Stop Paying Twice
Every time a user asks “What’s the capital of France?” you pay for a new API call. With Raptor’s semantic cache, you pay once.
How It Works
Request: "What is the capital of France?"
→ Compute embedding
→ Check cache for similar queries
→ HIT! Return cached response in ~5ms
Unlike traditional caches, we don’t require exact text matches:
| Query | Cache Result |
|---|
| ”What is the capital of France?” | Original query |
| ”What’s France’s capital?” | Cache HIT |
| ”capital of france?” | Cache HIT |
| ”Tell me the capital of France” | Cache HIT |
All return the same cached response. That’s 75% fewer API calls just from query variations.
Typical Savings
| Use Case | Cache Hit Rate | Monthly Savings |
|---|
| FAQ bots | 60-80% | ~400per500 spend |
| Customer support | 40-60% | ~250per500 spend |
| Search/RAG | 30-50% | ~200per500 spend |
| Code assistants | 20-40% | ~150per500 spend |
Check cache status in every response:
X-Raptor-Cache: hit # or "miss"
X-Raptor-Latency-Ms: 5 # Total Raptor time
X-Raptor-Upstream-Latency-Ms: 0 # 0 on cache hit
Streaming Support
Cache hits work with streaming too. We replay cached responses with realistic timing (~15ms between words) so users still see the “typing” effect.

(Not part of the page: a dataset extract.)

(* In the setting of the context, if $\lambda\in\varrho(T)\setminus\tilde\Lambda$ and $\Omega(\lambda)=0$, then $\mathbb M(\lambda)=\mathbb M(\bar\lambda)^*$.
   Context: Let $(a,b)$ be a real interval, $J$ a constant invertible skew-hermitian $n\times n$ matrix, $q,w$ $n\times n$ matrices of distributions of order $0$ (complex Radon measures) on $(a,b)$, $q$ hermitian, $w$ non-negative; $L^2(w)$ the space of classes of $f$ with $\int f^*wf<\infty$. For $u$ locally BV, $u^\pm$ are right/left limits; balanced means $u=(u^++u^-)/2$. $\Delta_r(x)=r(\{x\})$; $B_\pm(x,\lambda)=J\pm\frac12(\Delta_q(x)-\lambda\Delta_w(x))$; $\Lambda_x$ = set of $\lambda$ with $B_+(x,\lambda)$ or $B_-(x,\lambda)$ singular. Assume $a=x_0<x_1<\dots<x_N<x_{N+1}=b$ ($N\ge0$) with $\Lambda_x\cap\mathbb R=\emptyset$ for $x\notin\{x_1,\dots,x_N\}$; $\tilde\Lambda=\bigcup_{x\notin\{x_1,\dots,x_N\}}\Lambda_x$. Solutions of $Ju'+(q-\lambda w)u=wf$ are balanced locally BV functions satisfying it distributionally. $T_{\max}=\{([u],[f]):u,f\in L^2(w),Ju'+qu=wf\}$, $D_\lambda=\{(u,\lambda u)\in T_{\max}\}$, $n_\pm=\dim D_{\pm i}$, assumed equal; $(v_j,g_j)$, $j=1,\dots,n_+$, linearly independent in $D_i\oplus D_{-i}$ with $(g_k^*Jg_\ell)^-(b)-(g_k^*Jg_\ell)^+(a)=0$; $T=\{(u,f)\in T_{\max}:(g_j^*Ju)^-(b)-(g_j^*Ju)^+(a)=0\ \forall j\}$ (self-adjoint), $\varrho(T)$ its resolvent set; $g=(g_1,\dots,g_{n_+})$. For $\lambda\notin\tilde\Lambda$, $U_j(\cdot,\lambda)$ is the balanced fundamental matrix of $Ju'+(q-\lambda w)u=0$ on $(x_j,x_{j+1})$ with $U_j(\xi_j,\lambda)=I$ ($\xi_j$ fixed, $q(\{\xi_j\})=w(\{\xi_j\})=0$), extended balanced and zero outside $[x_j,x_{j+1}]$; $\mathscr U=(U_0,\dots,U_N)$. $\mathcal J=\operatorname{diag}(J,\dots,J)$; $\mathcal B(\lambda)=\operatorname{diag}(B_+(x_k,\lambda))_{k=1}^N$, $\mathcal U^-(\lambda)=\operatorname{diag}(U_{k-1}^-(x_k,\lambda))_{k=1}^N$, $\mathcal U^+(\lambda)=\operatorname{diag}(U_k^+(x_k,\lambda))_{k=1}^N$, $E_\top=(0_{nN\times n},I_{nN})$, $E_\bot=(I_{nN},0_{nN\times n})$, $\mathbb B(\lambda)=\mathcal B(\lambda)\mathcal U^+(\lambda)E_\top+\mathcal B(\bar\lambda)^*\mathcal U^-(\lambda)E_\bot$, $\tilde{\mathbb B}(\lambda)=\mathcal B(\lambda)\mathcal U^+(\lambda)E_\top-\mathcal B(\bar\lambda)^*\mathcal U^-(\lambda)E_\bot$. $P_\pm(\lambda)$ orthogonal projections onto $\{\eta:\int_{(x_N,b)}(U_N\eta)^*wU_N\eta<\infty\}$ resp. $\{\eta:\int_{(a,x_1)}(U_0\eta)^*wU_0\eta<\infty\}$; $\mathscr Q_-=(I-P_-,0,\dots,0)$, $\mathscr Q_+=(0,\dots,0,I-P_+)$; $A_-(\lambda)=-(g^*JU_0(\cdot,\lambda)P_-(\lambda))^+(a)$, $A_+(\lambda)=(g^*JU_N(\cdot,\lambda)P_+(\lambda))^-(b)$, $\mathscr A_-=(A_-,0,\dots,0)$, $\mathscr A_+=(0,\dots,0,A_+)$. $\mathcal L_0$ = solutions of $Ju'+qu=0$ with $wu=0$; $N_0=\{\eta:\mathscr U(\cdot,0)\eta\in\mathcal L_0\}$; $\mathbb P$ = orthogonal projection onto $N_0^\perp$. $\mathbb F(\lambda)=(\mathbb B;\mathscr Q_-;\mathscr Q_+;\mathscr A_++\mathscr A_-;I-\mathbb P)$, $\mathbb H(\lambda)=\frac12(\tilde{\mathbb B};\mathscr Q_-;-\mathscr Q_+;\mathscr A_--\mathscr A_+;0)$ (block columns), $\mathbb F^\dagger$ the Moore–Penrose pseudoinverse (a left inverse of $\mathbb F(\lambda)$ for $\lambda\in\varrho(T)\setminus\tilde\Lambda$), $\mathbb M(\lambda)=\mathbb P\mathbb F(\lambda)^\dagger\mathbb H(\lambda)\mathcal J^{-1}\mathbb P$, $\Omega(\lambda)=\mathbb H(\lambda)\mathcal J^{-1}\mathbb P\mathbb F(\bar\lambda)^*+\mathbb F(\lambda)\mathbb P\mathcal J^{-1}\mathbb H(\bar\lambda)^*$. *)

theory Defs
  imports "Jordan_Normal_Form.Schur_Decomposition" "HOL-Library.Extended_Real"
begin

# This hits cache and streams just like the original
stream = client.chat.completions.create(
model="gpt-4",
messages=[{"role": "user", "content": "What's the capital of France?"}],
stream=True
)
Cache Behavior
| Request Type | Caches? | Serves from Cache? |
|---|
| Non-streaming | Yes | Yes |
| Streaming | Yes | Yes (replayed) |
| With tools | No | No |
| Image generation | No | No |
Best Practices
- Normalize inputs - Remove extra whitespace, lowercase when possible
- Use specific system prompts - Helps cache recognize similar queries
- Monitor hit rates - Check your dashboard for optimization opportunities
Your first request is always a cache miss. Test with realistic query patterns to see actual savings.